GOAL OF THE EXERCISE »
Go through the records line by line from the top and repeat each one exactly, ending with the line that contains "text \<open>".

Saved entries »
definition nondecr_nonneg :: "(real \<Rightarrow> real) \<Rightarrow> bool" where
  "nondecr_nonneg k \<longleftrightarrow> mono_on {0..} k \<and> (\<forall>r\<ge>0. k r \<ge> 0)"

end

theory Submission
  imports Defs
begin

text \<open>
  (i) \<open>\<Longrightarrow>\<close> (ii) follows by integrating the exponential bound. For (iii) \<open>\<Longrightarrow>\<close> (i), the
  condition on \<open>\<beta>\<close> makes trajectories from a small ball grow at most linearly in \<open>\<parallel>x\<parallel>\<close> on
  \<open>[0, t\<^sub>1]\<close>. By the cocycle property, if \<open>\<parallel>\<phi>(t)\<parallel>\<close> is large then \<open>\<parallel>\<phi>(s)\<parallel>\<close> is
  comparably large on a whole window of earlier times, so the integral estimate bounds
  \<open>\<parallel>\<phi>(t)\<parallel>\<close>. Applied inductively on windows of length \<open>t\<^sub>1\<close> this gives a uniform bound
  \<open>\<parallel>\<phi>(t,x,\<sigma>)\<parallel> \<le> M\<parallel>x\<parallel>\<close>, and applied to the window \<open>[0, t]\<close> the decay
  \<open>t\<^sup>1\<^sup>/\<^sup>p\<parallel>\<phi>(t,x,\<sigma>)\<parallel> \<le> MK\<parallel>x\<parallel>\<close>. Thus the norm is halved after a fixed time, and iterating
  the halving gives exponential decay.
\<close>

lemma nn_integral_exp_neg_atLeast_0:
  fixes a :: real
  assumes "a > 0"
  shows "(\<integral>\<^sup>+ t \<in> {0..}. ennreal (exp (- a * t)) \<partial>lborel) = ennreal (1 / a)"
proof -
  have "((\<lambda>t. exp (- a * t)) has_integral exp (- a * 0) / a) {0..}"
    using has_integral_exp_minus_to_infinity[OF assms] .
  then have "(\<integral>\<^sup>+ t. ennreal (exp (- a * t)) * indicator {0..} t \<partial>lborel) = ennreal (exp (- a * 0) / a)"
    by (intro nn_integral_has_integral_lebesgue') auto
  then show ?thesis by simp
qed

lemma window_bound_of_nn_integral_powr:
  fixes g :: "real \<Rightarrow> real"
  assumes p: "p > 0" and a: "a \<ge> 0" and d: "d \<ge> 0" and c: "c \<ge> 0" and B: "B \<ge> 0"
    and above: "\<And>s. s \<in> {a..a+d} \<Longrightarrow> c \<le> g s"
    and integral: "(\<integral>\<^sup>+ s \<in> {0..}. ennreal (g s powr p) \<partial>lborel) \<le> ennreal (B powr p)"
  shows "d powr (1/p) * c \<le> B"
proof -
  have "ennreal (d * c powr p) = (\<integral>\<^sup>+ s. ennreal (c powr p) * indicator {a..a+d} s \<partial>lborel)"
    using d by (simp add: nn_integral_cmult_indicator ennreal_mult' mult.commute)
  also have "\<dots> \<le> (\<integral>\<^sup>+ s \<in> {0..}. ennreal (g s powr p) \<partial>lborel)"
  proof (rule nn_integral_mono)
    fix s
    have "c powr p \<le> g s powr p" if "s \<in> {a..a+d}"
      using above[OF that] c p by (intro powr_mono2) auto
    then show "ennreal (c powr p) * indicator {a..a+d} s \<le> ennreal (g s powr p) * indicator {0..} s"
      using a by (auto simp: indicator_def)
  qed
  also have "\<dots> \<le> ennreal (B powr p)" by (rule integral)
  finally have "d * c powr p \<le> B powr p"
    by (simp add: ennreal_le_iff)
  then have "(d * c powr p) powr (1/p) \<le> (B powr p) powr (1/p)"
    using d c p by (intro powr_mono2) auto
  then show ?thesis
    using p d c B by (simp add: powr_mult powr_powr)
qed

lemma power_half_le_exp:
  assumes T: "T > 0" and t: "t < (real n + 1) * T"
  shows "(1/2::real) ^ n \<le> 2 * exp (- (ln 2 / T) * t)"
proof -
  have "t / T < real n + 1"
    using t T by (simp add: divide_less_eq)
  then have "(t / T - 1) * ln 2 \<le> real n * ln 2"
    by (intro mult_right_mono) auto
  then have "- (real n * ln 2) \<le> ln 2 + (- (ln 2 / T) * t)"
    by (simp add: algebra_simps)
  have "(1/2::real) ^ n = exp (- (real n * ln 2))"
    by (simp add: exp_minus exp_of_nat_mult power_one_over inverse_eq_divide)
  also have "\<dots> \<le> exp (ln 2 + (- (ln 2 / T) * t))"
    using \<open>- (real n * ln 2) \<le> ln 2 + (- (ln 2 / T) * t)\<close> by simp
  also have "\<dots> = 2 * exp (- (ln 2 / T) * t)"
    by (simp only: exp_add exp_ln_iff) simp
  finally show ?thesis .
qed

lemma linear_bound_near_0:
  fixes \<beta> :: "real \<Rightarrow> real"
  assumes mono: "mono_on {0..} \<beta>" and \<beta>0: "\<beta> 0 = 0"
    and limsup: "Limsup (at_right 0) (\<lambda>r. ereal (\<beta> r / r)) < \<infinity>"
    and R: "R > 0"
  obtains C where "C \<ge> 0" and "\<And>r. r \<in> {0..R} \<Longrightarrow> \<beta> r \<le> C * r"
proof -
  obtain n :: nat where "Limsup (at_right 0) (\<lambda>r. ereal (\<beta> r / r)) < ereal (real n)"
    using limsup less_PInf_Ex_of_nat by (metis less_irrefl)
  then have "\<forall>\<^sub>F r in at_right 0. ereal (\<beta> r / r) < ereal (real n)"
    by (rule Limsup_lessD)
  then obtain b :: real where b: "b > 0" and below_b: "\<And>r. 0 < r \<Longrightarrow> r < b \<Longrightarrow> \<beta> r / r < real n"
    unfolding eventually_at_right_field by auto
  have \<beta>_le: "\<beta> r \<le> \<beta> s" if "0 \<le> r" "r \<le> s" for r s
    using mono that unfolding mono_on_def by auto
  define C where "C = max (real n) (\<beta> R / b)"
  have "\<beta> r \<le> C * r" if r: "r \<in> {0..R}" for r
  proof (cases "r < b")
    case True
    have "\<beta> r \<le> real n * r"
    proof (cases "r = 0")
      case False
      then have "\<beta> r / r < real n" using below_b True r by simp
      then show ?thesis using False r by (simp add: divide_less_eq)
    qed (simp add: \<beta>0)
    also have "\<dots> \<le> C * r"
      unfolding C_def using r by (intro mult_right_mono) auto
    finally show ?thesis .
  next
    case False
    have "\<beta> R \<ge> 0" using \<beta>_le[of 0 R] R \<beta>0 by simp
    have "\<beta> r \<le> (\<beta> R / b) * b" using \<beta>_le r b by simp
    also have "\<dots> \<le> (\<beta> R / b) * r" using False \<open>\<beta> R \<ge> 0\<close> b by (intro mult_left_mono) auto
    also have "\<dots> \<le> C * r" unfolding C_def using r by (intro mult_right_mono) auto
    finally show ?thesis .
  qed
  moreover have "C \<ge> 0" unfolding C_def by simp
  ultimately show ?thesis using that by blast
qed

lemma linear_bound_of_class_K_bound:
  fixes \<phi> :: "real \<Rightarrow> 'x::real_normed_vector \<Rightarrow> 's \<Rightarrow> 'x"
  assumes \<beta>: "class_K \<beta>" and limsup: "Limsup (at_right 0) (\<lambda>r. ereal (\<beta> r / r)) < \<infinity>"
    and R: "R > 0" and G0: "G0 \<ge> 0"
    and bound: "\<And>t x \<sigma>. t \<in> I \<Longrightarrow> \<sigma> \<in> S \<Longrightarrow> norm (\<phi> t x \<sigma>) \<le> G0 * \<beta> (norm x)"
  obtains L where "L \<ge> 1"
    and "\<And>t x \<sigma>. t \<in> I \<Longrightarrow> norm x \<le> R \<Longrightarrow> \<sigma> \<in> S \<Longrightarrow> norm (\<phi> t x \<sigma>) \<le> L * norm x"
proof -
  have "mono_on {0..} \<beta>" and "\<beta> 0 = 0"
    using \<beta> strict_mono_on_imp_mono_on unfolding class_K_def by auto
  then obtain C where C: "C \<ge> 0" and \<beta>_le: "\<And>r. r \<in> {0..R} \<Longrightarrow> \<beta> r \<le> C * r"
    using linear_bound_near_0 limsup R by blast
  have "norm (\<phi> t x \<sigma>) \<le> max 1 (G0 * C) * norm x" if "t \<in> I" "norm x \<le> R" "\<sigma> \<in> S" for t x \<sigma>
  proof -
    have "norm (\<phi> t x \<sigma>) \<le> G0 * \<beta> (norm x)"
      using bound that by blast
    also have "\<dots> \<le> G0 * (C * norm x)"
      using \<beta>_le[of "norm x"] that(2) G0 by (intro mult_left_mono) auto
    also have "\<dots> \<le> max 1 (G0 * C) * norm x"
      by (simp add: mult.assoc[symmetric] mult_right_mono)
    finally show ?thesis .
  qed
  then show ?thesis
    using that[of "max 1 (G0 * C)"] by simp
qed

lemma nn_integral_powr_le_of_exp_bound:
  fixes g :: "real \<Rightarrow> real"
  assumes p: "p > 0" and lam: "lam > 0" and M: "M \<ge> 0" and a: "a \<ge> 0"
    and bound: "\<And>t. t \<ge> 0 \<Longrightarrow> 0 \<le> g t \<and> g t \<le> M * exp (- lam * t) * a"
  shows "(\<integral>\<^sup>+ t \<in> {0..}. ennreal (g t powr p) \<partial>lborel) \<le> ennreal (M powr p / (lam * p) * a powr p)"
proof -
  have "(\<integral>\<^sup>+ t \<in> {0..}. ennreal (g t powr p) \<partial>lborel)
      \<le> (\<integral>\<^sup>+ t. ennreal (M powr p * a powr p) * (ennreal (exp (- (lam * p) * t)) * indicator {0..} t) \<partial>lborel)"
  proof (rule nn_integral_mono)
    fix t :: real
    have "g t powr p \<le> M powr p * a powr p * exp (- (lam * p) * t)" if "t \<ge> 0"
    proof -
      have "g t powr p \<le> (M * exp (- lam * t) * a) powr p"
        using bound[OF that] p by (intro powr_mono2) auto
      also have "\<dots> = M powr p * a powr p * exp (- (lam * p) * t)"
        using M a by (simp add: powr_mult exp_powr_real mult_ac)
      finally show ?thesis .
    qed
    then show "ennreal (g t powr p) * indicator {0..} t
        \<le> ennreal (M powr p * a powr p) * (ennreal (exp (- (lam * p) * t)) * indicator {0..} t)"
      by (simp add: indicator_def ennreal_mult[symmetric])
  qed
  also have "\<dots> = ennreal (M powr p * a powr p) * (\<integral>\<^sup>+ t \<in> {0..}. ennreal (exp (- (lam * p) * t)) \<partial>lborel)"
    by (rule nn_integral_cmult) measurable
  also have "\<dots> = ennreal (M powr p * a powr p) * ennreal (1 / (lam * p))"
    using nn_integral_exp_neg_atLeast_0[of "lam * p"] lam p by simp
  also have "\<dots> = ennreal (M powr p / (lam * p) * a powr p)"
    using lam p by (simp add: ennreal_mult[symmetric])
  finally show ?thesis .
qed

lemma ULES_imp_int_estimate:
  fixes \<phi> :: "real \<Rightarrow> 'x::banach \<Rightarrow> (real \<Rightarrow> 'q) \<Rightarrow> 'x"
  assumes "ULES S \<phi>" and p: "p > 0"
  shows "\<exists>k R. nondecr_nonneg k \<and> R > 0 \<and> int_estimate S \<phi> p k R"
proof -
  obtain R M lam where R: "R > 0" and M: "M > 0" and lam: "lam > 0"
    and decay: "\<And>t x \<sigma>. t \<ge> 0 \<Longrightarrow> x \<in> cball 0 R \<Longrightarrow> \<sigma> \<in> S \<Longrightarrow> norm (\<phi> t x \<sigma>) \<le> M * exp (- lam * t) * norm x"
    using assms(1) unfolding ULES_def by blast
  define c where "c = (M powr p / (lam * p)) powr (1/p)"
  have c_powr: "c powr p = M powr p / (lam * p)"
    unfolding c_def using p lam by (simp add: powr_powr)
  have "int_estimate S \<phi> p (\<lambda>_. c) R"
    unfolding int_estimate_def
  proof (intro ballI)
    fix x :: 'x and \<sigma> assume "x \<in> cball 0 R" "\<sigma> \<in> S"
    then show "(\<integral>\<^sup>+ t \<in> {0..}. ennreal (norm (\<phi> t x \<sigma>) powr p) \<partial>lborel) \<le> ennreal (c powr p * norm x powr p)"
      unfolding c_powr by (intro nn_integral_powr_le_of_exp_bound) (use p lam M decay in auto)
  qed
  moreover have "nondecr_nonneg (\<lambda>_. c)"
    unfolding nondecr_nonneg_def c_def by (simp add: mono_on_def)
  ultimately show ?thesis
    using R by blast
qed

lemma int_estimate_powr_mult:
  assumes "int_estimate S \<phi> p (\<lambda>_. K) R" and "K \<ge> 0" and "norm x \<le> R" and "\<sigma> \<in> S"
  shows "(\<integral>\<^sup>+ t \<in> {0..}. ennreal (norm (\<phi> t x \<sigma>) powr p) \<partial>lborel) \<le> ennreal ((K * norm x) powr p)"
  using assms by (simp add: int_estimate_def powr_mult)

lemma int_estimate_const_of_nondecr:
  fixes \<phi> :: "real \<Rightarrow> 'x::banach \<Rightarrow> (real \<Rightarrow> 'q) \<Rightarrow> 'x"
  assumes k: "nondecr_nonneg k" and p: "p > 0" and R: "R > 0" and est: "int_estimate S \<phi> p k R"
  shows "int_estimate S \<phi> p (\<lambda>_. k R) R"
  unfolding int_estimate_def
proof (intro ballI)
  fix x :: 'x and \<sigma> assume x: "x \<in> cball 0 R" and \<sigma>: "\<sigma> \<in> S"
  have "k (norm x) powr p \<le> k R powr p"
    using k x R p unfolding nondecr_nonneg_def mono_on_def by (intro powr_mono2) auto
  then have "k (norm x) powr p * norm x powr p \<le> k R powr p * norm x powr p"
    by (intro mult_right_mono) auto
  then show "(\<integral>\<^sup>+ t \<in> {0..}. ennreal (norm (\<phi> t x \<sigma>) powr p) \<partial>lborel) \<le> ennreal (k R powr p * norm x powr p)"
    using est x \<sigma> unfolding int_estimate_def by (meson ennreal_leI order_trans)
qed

TASK SOLUTION »
definition nondecr_nonneg :: "(real \<Rightarrow> real) \<Rightarrow> bool" where
  "nondecr_nonneg k \<longleftrightarrow> mono_on {0..} k \<and> (\<forall>r\<ge>0. k r \<ge> 0)"

end

theory Submission
  imports Defs
begin

text \<open>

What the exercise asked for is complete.